One other factor Dent explained was the county’s $1 million investment in 2007 in AutoMARK devices designed to enable blind and visually impaired persons to vote. That system will not work with the new Dominion equipment that is available, Dent continued though they can be used with the new ES&S machines. The state has certified only Dominion and ES&S as vendors of voting machines, she pointed out, so she had no choice but to seek a single bid from ES&S for the new equipment.
“You do not implement a voting system overnight,” Dent told the board. “We’ve taken on this challenge not because I wanted a new voting system.”
She also noted that she has to mail ballots on Jan. 30, 2016, to military personnel and other Sarasota County voters overseas so those people can participate in the March 15, 2016 Presidential Primary.
When Robinson then asked county Procurement Official Ted Coyman how long it would take for a sealed bid process to reach the point of staff bringing a contract recommendation to the board, he replied, “It would be, I would say, at best, 90 days.”
Because of the circumstances Dent explained regarding the two state-certified vendors and the AutoMARK device, he added, “there was really no point in doing a sealed bid.”
Public dismay
Among the five people who addressed the matter during public comments on Nov. 17, Kindra Muntz of Venice, a representative of the Sarasota Alliance for Fair Elections, said she felt the fix Dominion had proposed would be simple. She had spoken with a representative of the company, she added, and he had told her he believed voting in 2016 could proceed successfully after the repairs were made.
“There’s lack of confidence in this county in ES&S,” she added.
Further, she told the commissioners she could not see how a competitive bid process possibly could take 90 days.
Jono Miller of Sarasota noted that while he has served on 10 county advisory boards, on only one occasion did the board ask him for such service.
That request followed the 2006 election, he continued, after the County Commission created a voting systems oversight committee. The members met for several months, he said, and “we were not completely happy with either [Dominion or ES&S].”
Especially given the necessity for voters to have confidence in the machines they use, Miller continued, “I hope you would agree that the worst possible outcome in this situation is to move forward today.”

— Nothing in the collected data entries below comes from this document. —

(* Let $M$ be a matroid on a finite set $E$ and let $P=\{K_1,K_2,\dots,K_t\}$ (with the $K_i$ distinct) be a partition of $\cup\mathcal{B}(M)$. Then $|B\cap K_i|=1$ for every $B\in\mathcal{B}(M)$ and every $i\in\{1,\dots,t\}$ if and only if $\mathcal{B}(M)=\{\{b_1,b_2,\dots,b_t\}: b_i\in K_i,\ 1\le i\le t\}$.
   Context: $\mathcal{B}(M)$ denotes the family of bases of $M$ and $\cup\mathcal{B}(M)$ the union of all bases. A partition of a set $U$ is a family of nonempty pairwise disjoint subsets of $U$ whose union is $U$. *)

theory Defs
  imports Main
begin

definition matroid :: "'a set \<Rightarrow> 'a set set \<Rightarrow> bool" where
  "matroid E \<I> \<longleftrightarrow> finite E \<and> (\<forall>X\<in>\<I>. X \<subseteq> E) \<and> {} \<in> \<I> \<and>
     (\<forall>X Y. X \<in> \<I> \<longrightarrow> Y \<subseteq> X \<longrightarrow> Y \<in> \<I>) \<and>
     (\<forall>X Y. X \<in> \<I> \<longrightarrow> Y \<in> \<I> \<longrightarrow> card X < card Y \<longrightarrow> (\<exists>y\<in>Y - X. insert y X \<in> \<I>))"

definition bases :: "'a set set \<Rightarrow> 'a set set" where
  "bases \<I> = {B. B \<in> \<I> \<and> (\<forall>X\<in>\<I>. B \<subseteq> X \<longrightarrow> X = B)}"

end

theory Submission
  imports Defs "HOL-Library.Disjoint_Sets"
begin

text \<open>
  If every base meets every block in exactly one element, then any base B can be moved block
  by block towards a prescribed transversal T: replacing the element x of B in a block by the
  element y of T in that block yields again a base. Indeed, basis exchange with a base
  containing y brings in some element z; z lies in the block of x, since otherwise the new
  base would meet the block of z twice, and then z = y because a base through y meets that
  block only in y. Each such step shrinks T - B, so T is a base.
\<close>

lemma matroid_finite_ground: "matroid E \<I> \<Longrightarrow> finite E"
  by (simp add: matroid_def)

lemma matroid_indep_subset_ground: "matroid E \<I> \<Longrightarrow> X \<in> \<I> \<Longrightarrow> X \<subseteq> E"
  by (simp add: matroid_def)

lemma matroid_empty_indep: "matroid E \<I> \<Longrightarrow> {} \<in> \<I>"
  by (simp add: matroid_def)

lemma matroid_indep_finite: "matroid E \<I> \<Longrightarrow> X \<in> \<I> \<Longrightarrow> finite X"
  using matroid_finite_ground matroid_indep_subset_ground finite_subset by metis

lemma matroid_indep_subset:
  assumes "matroid E \<I>" and "X \<in> \<I>" and "Y \<subseteq> X"
  shows "Y \<in> \<I>"
  using assms by (simp add: matroid_def)

lemma matroid_augment:
  assumes "matroid E \<I>" and "X \<in> \<I>" and "Y \<in> \<I>" and "card X < card Y"
  obtains y where "y \<in> Y - X" and "insert y X \<in> \<I>"
proof -
  have "\<forall>X Y. X \<in> \<I> \<longrightarrow> Y \<in> \<I> \<longrightarrow> card X < card Y \<longrightarrow> (\<exists>y\<in>Y - X. insert y X \<in> \<I>)"
    using assms(1) by (simp add: matroid_def)
  with assms(2-4) that show ?thesis
    by blast
qed

lemma bases_subset_indep: "bases \<I> \<subseteq> \<I>"
  unfolding bases_def by blast

lemma matroid_indep_subset_base:
  assumes m: "matroid E \<I>" and X: "X \<in> \<I>"
  obtains B where "B \<in> bases \<I>" and "X \<subseteq> B"
proof -
  let ?S = "{Y \<in> \<I>. X \<subseteq> Y}"
  have fin: "finite ?S"
    using matroid_finite_ground[OF m] matroid_indep_subset_ground[OF m]
    by (auto intro: rev_finite_subset[of "Pow E"])
  have "Max (card ` ?S) \<in> card ` ?S"
    using fin X by (intro Max_in) auto
  then obtain Y where Y: "Y \<in> ?S" and cardY: "card Y = Max (card ` ?S)"
    by auto
  have max: "card Z \<le> Max (card ` ?S)" if "Z \<in> ?S" for Z
    using fin that by simp
  have "Y \<in> bases \<I>"
    unfolding bases_def
  proof (intro CollectI conjI ballI impI)
    show "Y \<in> \<I>" using Y by simp
  next
    fix Z assume "Z \<in> \<I>" "Y \<subseteq> Z"
    moreover have "card Z \<le> card Y"
      using Y max[of Z] cardY \<open>Z \<in> \<I>\<close> \<open>Y \<subseteq> Z\<close> by auto
    ultimately show "Z = Y"
      using matroid_indep_finite[OF m] by (metis card_seteq)
  qed
  with Y that show ?thesis by blast
qed

lemma matroid_bases_nonempty:
  assumes "matroid E \<I>"
  obtains B where "B \<in> bases \<I>"
  using matroid_indep_subset_base[OF assms matroid_empty_indep[OF assms]] by blast

lemma matroid_bases_card_eq:
  assumes m: "matroid E \<I>" and "B1 \<in> bases \<I>" and "B2 \<in> bases \<I>"
  shows "card B1 = card B2"
proof -
  have no_bigger: "\<not> card B < card B'" if B: "B \<in> bases \<I>" and B': "B' \<in> bases \<I>" for B B'
  proof
    assume "card B < card B'"
    then obtain y where "y \<in> B' - B" "insert y B \<in> \<I>"
      using matroid_augment[OF m] B B' bases_subset_indep by blast
    then show False
      using B unfolding bases_def by blast
  qed
  show ?thesis
    using no_bigger[of B1 B2] no_bigger[of B2 B1] assms by linarith
qed

lemma matroid_indep_card_base:
  assumes m: "matroid E \<I>" and X: "X \<in> \<I>" and B: "B \<in> bases \<I>" and card: "card X = card B"
  shows "X \<in> bases \<I>"
proof -
  obtain B' where B': "B' \<in> bases \<I>" "X \<subseteq> B'"
    using matroid_indep_subset_base[OF m X] .
  have "card B' = card X"
    using matroid_bases_card_eq[OF m B'(1) B] card by simp
  moreover have "finite B'"
    using matroid_indep_finite[OF m] B'(1) bases_subset_indep by blast
  ultimately have "X = B'"
    using card_seteq[OF _ B'(2)] by simp
  with B' show ?thesis by simp
qed

lemma matroid_base_exchange:
  assumes m: "matroid E \<I>" and B1: "B1 \<in> bases \<I>" and B2: "B2 \<in> bases \<I>" and x: "x \<in> B1"
  obtains z where "z \<in> B2 - (B1 - {x})" and "insert z (B1 - {x}) \<in> bases \<I>"
proof -
  have fin: "finite B1"
    using matroid_indep_finite[OF m] B1 bases_subset_indep by blast
  have "card B1 > 0"
    using fin x by (auto simp: card_gt_0_iff)
  then have smaller: "card (B1 - {x}) < card B2"
    using matroid_bases_card_eq[OF m B1 B2] fin x by simp
  have indep: "B1 - {x} \<in> \<I>"
    using matroid_indep_subset[OF m] B1 bases_subset_indep by blast
  obtain z where z: "z \<in> B2 - (B1 - {x})" "insert z (B1 - {x}) \<in> \<I>"
    using matroid_augment[OF m indep _ smaller] B2 bases_subset_indep by blast
  have "card (insert z (B1 - {x})) = card B1"
    using z(1) fin x \<open>card B1 > 0\<close> by simp
  then have "insert z (B1 - {x}) \<in> bases \<I>"
    using matroid_indep_card_base[OF m z(2) B1] by blast
  with z(1) that show ?thesis by blast
qed

lemma card_1_eq_singleton:
  assumes "card A = 1" and "u \<in> A"
  shows "A = {u}"
  using assms by (metis card_1_singletonE singletonD)

definition transversals :: "('i \<Rightarrow> 'a set) \<Rightarrow> 'i set \<Rightarrow> 'a set set" where
  "transversals K S = {b ` S | b. \<forall>i\<in>S. b i \<in> K i}"

lemma transversals_iff:
  assumes disjoint: "disjoint_family_on K S"
  shows "T \<in> transversals K S \<longleftrightarrow> T \<subseteq> (\<Union>i\<in>S. K i) \<and> (\<forall>i\<in>S. card (T \<inter> K i) = 1)"
proof
  assume "T \<in> transversals K S"
  then obtain b where T: "T = b ` S" and b: "\<And>i. i \<in> S \<Longrightarrow> b i \<in> K i"
    unfolding transversals_def by blast
  have "T \<inter> K i = {b i}" if i: "i \<in> S" for i
  proof
    show "T \<inter> K i \<subseteq> {b i}"
    proof
      fix u assume "u \<in> T \<inter> K i"
      then obtain j where "j \<in> S" "u = b j" "b j \<in> K i"
        using T by blast
      then have "j = i"
        using b[of j] i disjoint unfolding disjoint_family_on_def by blast
      with \<open>u = b j\<close> show "u \<in> {b i}" by simp
    qed
    show "{b i} \<subseteq> T \<inter> K i"
      using T b i by blast
  qed
  moreover have "T \<subseteq> (\<Union>i\<in>S. K i)"
    using T b by blast
  ultimately show "T \<subseteq> (\<Union>i\<in>S. K i) \<and> (\<forall>i\<in>S. card (T \<inter> K i) = 1)"
    by simp
next
  assume T: "T \<subseteq> (\<Union>i\<in>S. K i) \<and> (\<forall>i\<in>S. card (T \<inter> K i) = 1)"
  define b where "b i = (THE u. T \<inter> K i = {u})" for i
  have b: "T \<inter> K i = {b i}" if "i \<in> S" for i
  proof -
    have "card (T \<inter> K i) = 1"
      using T that by blast
    then obtain u where "T \<inter> K i = {u}"
      by (rule card_1_singletonE)
    then show ?thesis
      unfolding b_def by simp
  qed
  have "T \<subseteq> b ` S"
  proof
    fix u assume "u \<in> T"
    then obtain i where "i \<in> S" "u \<in> K i"
      using T by blast
    with b \<open>u \<in> T\<close> show "u \<in> b ` S"
      by blast
  qed
  moreover have "b ` S \<subseteq> T"
    using b by blast
  ultimately have "T = b ` S"
    by (rule subset_antisym)
  with b show "T \<in> transversals K S"
    unfolding transversals_def by blast
qed

lemma base_exchange_within_block:
  assumes m: "matroid E \<I>" and disjoint: "disjoint_family_on K S"
    and cover: "\<Union>(bases \<I>) \<subseteq> (\<Union>i\<in>S. K i)"
    and once: "\<forall>B\<in>bases \<I>. \<forall>i\<in>S. card (B \<inter> K i) = 1"
    and B: "B \<in> bases \<I>" and i: "i \<in> S" and x: "B \<inter> K i = {x}"
    and y: "y \<in> K i" "y \<in> \<Union>(bases \<I>)"
  shows "insert y (B - {x}) \<in> bases \<I>"
proof -
  obtain B2 where B2: "B2 \<in> bases \<I>" "y \<in> B2"
    using y by blast
  obtain z where z: "z \<in> B2 - (B - {x})" and B': "insert z (B - {x}) \<in> bases \<I>"
    using matroid_base_exchange[OF m B B2(1), of x] x by blast
  obtain j where j: "j \<in> S" "z \<in> K j"
    using z B2(1) cover by blast
  have "j = i"
  proof (rule ccontr)
    assume "j \<noteq> i"
    then have disj: "K i \<inter> K j = {}"
      using disjoint i j(1) unfolding disjoint_family_on_def by blast
    obtain w where w: "B \<inter> K j = {w}"
      using card_1_singletonE[OF once[rule_format, OF B j(1)]] .
    have "z \<in> insert z (B - {x}) \<inter> K j"
      using j(2) by blast
    then have "insert z (B - {x}) \<inter> K j = {z}"
      by (rule card_1_eq_singleton[OF once[rule_format, OF B' j(1)]])
    moreover have "w \<in> insert z (B - {x}) \<inter> K j"
      using w x disj by blast
    ultimately have "w = z"
      by blast
    then show False
      using z w x disj by blast
  qed
  with j(2) z have "z \<in> B2 \<inter> K i"
    by blast
  then have "B2 \<inter> K i = {z}"
    by (rule card_1_eq_singleton[OF once[rule_format, OF B2(1) i]])
  then have "z = y"
    using B2(2) y(1) by auto
  with B' show ?thesis by simp
qed

lemma transversal_mem_bases:
  assumes m: "matroid E \<I>" and disjoint: "disjoint_family_on K S"
    and cover: "\<Union>(bases \<I>) = (\<Union>i\<in>S. K i)"
    and once: "\<forall>B\<in>bases \<I>. \<forall>i\<in>S. card (B \<inter> K i) = 1"
    and T: "T \<subseteq> (\<Union>i\<in>S. K i)" "\<forall>i\<in>S. card (T \<inter> K i) = 1"
    and B: "B \<in> bases \<I>"
  shows "T \<in> bases \<I>"
  using B
proof (induction "card (T - B)" arbitrary: B rule: less_induct)
  case less
  show ?case
  proof (cases "T \<subseteq> B")
    case True
    have "B \<subseteq> T"
    proof
      fix u assume "u \<in> B"
      then obtain i where i: "i \<in> S" "u \<in> K i"
        using less.prems cover by blast
      obtain v where v: "T \<inter> K i = {v}"
        using card_1_singletonE[OF T(2)[rule_format, OF i(1)]] .
      then have "v \<in> B \<inter> K i"
        using True by blast
      then have "B \<inter> K i = {v}"
        by (rule card_1_eq_singleton[OF once[rule_format, OF less.prems i(1)]])
      with v i \<open>u \<in> B\<close> show "u \<in> T"
        by blast
    qed
    with True less.prems show ?thesis
      by (simp add: subset_antisym)
  next
    case False
    then obtain y where y: "y \<in> T" "y \<notin> B"
      by blast
    then obtain i where i: "i \<in> S" "y \<in> K i"
      using T(1) by blast
    obtain x where x: "B \<inter> K i = {x}"
      using card_1_singletonE[OF once[rule_format, OF less.prems i(1)]] .
    have "y \<in> \<Union>(bases \<I>)"
      using cover T(1) y(1) by blast
    with base_exchange_within_block[OF m disjoint equalityD1[OF cover] once less.prems i(1) x i(2)]
    have B': "insert y (B - {x}) \<in> bases \<I>" .
    have "T \<inter> K i = {y}"
      using card_1_eq_singleton[of "T \<inter> K i" y] T(2) i y(1) by simp
    moreover have "x \<in> K i" "x \<noteq> y"
      using x y(2) by auto
    ultimately have "x \<notin> T"
      by auto
    then have "T - insert y (B - {x}) = (T - B) - {y}"
      by blast
    moreover have "finite T"
    proof (rule finite_subset)
      have "\<Union>(bases \<I>) \<subseteq> E"
        using matroid_indep_subset_ground[OF m] bases_subset_indep by blast
      then show "T \<subseteq> E"
        using T(1) cover by simp
    qed (rule matroid_finite_ground[OF m])
    ultimately have "card (T - insert y (B - {x})) < card (T - B)"
      using y card_Diff1_less[of "T - B" y] by simp
    with less.hyps B' show ?thesis
      by blast
  qed
qed

theorem theorem9:
  fixes E :: "'a set" and \<I> :: "'a set set" and K :: "nat \<Rightarrow> 'a set" and t :: nat
  assumes "matroid E \<I>"
    and "inj_on K {1..t}"
    and "\<forall>i\<in>{1..t}. K i \<noteq> {}"
    and "\<forall>i\<in>{1..t}. \<forall>j\<in>{1..t}. i \<noteq> j \<longrightarrow> K i \<inter> K j = {}"
    and "(\<Union>i\<in>{1..t}. K i) = \<Union>(bases \<I>)"
  shows "(\<forall>B\<in>bases \<I>. \<forall>i\<in>{1..t}. card (B \<inter> K i) = 1) \<longleftrightarrow>
         bases \<I> = {b ` {1..t} | b. \<forall>i\<in>{1..t}. b i \<in> K i}"
proof -
  have disjoint: "disjoint_family_on K {1..t}"
    using assms(4) unfolding disjoint_family_on_def by blast
  have "(\<forall>B\<in>bases \<I>. \<forall>i\<in>{1..t}. card (B \<inter> K i) = 1) \<longleftrightarrow> bases \<I> = transversals K {1..t}"
  proof
    assume once: "\<forall>B\<in>bases \<I>. \<forall>i\<in>{1..t}. card (B \<inter> K i) = 1"
    obtain B0 where B0: "B0 \<in> bases \<I>"
      using matroid_bases_nonempty[OF assms(1)] .
    have "bases \<I> \<subseteq> transversals K {1..t}"
      using transversals_iff[OF disjoint] once assms(5) by blast
    moreover have "transversals K {1..t} \<subseteq> bases \<I>"
      using transversal_mem_bases[OF assms(1) disjoint assms(5)[symmetric] once _ _ B0]
        transversals_iff[OF disjoint] by blast
    ultimately show "bases \<I> = transversals K {1..t}"
      by (rule antisym)
  qed (use transversals_iff[OF disjoint] in blast)
  then show ?thesis
    unfolding transversals_def .
qed

end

He understood “time is of the essence,” he added, but he urged the board members to convince themselves and the public “that Dominion is not a viable alternative.”
The board decision
After Commissioner Caragiulo made his motion to approve the $1,650,000 appropriation for the new machines, he acknowledged that while the decision might not seem perfect from the standpoint of public perception, the board members have to take action they feel will prove best for the citizenry.
“Under the ideal situation,” Robinson added, the commissioners could take time to explore the issue further. The news that new machines would be needed for the 2016 election cycle “was a surprise to everyone,” she said.
With state elections officials joining Dent in expressing concern about whether the current system would hold up through the next year, Robinson continued, she felt the County Commission needed to move forward.
She also found it troubling, she noted, that Dominion had no better solution to offer than a hot glue fix.
Chair Carolyn Mason was absent on Nov. 17. County spokesman Drew Winchester told The Sarasota News Leader she is recovering from a fall she suffered last week.